SOURCE DATA:
•••

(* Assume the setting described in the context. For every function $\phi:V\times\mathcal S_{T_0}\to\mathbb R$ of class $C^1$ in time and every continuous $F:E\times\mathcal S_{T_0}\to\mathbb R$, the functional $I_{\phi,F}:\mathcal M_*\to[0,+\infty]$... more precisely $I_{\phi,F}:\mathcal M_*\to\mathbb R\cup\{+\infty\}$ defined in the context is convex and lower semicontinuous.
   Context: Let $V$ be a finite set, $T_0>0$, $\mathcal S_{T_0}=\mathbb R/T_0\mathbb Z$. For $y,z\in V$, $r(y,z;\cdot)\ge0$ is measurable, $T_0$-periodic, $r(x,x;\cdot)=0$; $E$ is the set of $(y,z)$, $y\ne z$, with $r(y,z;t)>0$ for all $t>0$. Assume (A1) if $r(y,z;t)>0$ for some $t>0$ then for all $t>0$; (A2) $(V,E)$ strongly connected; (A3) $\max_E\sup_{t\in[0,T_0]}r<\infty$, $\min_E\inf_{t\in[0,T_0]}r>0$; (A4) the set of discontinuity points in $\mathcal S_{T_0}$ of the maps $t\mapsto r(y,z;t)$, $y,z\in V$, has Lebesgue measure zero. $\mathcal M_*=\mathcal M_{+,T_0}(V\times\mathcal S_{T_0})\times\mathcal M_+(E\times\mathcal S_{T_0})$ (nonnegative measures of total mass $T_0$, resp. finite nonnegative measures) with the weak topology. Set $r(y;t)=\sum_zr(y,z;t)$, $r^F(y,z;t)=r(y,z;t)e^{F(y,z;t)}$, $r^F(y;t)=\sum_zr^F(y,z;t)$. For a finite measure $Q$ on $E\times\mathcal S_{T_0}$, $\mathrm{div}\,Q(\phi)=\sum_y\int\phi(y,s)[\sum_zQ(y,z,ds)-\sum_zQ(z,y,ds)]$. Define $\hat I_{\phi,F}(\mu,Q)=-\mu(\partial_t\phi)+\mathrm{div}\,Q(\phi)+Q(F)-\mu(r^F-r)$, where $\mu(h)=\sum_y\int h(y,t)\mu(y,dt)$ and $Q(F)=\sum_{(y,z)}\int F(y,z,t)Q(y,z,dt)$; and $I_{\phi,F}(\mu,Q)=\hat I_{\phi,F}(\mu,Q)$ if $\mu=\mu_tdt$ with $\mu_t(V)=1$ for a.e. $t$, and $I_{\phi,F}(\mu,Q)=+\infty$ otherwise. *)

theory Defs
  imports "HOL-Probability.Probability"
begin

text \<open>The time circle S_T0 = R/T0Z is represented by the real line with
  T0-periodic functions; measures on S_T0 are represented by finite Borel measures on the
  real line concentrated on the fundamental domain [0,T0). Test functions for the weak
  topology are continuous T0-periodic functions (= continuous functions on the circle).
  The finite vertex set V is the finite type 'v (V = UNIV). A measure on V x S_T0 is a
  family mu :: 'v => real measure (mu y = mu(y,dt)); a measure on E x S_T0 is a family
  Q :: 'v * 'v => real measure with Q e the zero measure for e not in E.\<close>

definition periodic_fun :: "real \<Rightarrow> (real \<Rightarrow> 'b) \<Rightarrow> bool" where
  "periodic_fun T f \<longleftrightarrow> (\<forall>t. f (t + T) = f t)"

•••

WHAT IS EXPECTED:
Repeat the material in full. Change nothing.

WRITTEN ANSWER:
(* Assume the setting described in the context. For every function $\phi:V\times\mathcal S_{T_0}\to\mathbb R$ of class $C^1$ in time and every continuous $F:E\times\mathcal S_{T_0}\to\mathbb R$, the functional $I_{\phi,F}:\mathcal M_*\to[0,+\infty]$... more precisely $I_{\phi,F}:\mathcal M_*\to\mathbb R\cup\{+\infty\}$ defined in the context is convex and lower semicontinuous.
   Context: Let $V$ be a finite set, $T_0>0$, $\mathcal S_{T_0}=\mathbb R/T_0\mathbb Z$. For $y,z\in V$, $r(y,z;\cdot)\ge0$ is measurable, $T_0$-periodic, $r(x,x;\cdot)=0$; $E$ is the set of $(y,z)$, $y\ne z$, with $r(y,z;t)>0$ for all $t>0$. Assume (A1) if $r(y,z;t)>0$ for some $t>0$ then for all $t>0$; (A2) $(V,E)$ strongly connected; (A3) $\max_E\sup_{t\in[0,T_0]}r<\infty$, $\min_E\inf_{t\in[0,T_0]}r>0$; (A4) the set of discontinuity points in $\mathcal S_{T_0}$ of the maps $t\mapsto r(y,z;t)$, $y,z\in V$, has Lebesgue measure zero. $\mathcal M_*=\mathcal M_{+,T_0}(V\times\mathcal S_{T_0})\times\mathcal M_+(E\times\mathcal S_{T_0})$ (nonnegative measures of total mass $T_0$, resp. finite nonnegative measures) with the weak topology. Set $r(y;t)=\sum_zr(y,z;t)$, $r^F(y,z;t)=r(y,z;t)e^{F(y,z;t)}$, $r^F(y;t)=\sum_zr^F(y,z;t)$. For a finite measure $Q$ on $E\times\mathcal S_{T_0}$, $\mathrm{div}\,Q(\phi)=\sum_y\int\phi(y,s)[\sum_zQ(y,z,ds)-\sum_zQ(z,y,ds)]$. Define $\hat I_{\phi,F}(\mu,Q)=-\mu(\partial_t\phi)+\mathrm{div}\,Q(\phi)+Q(F)-\mu(r^F-r)$, where $\mu(h)=\sum_y\int h(y,t)\mu(y,dt)$ and $Q(F)=\sum_{(y,z)}\int F(y,z,t)Q(y,z,dt)$; and $I_{\phi,F}(\mu,Q)=\hat I_{\phi,F}(\mu,Q)$ if $\mu=\mu_tdt$ with $\mu_t(V)=1$ for a.e. $t$, and $I_{\phi,F}(\mu,Q)=+\infty$ otherwise. *)

theory Defs
  imports "HOL-Probability.Probability"
begin

text \<open>The time circle S_T0 = R/T0Z is represented by the real line with
  T0-periodic functions; measures on S_T0 are represented by finite Borel measures on the
  real line concentrated on the fundamental domain [0,T0). Test functions for the weak
  topology are continuous T0-periodic functions (= continuous functions on the circle).
  The finite vertex set V is the finite type 'v (V = UNIV). A measure on V x S_T0 is a
  family mu :: 'v => real measure (mu y = mu(y,dt)); a measure on E x S_T0 is a family
  Q :: 'v * 'v => real measure with Q e the zero measure for e not in E.\<close>

definition periodic_fun :: "real \<Rightarrow> (real \<Rightarrow> 'b) \<Rightarrow> bool" where
  "periodic_fun T f \<longleftrightarrow> (\<forall>t. f (t + T) = f t)"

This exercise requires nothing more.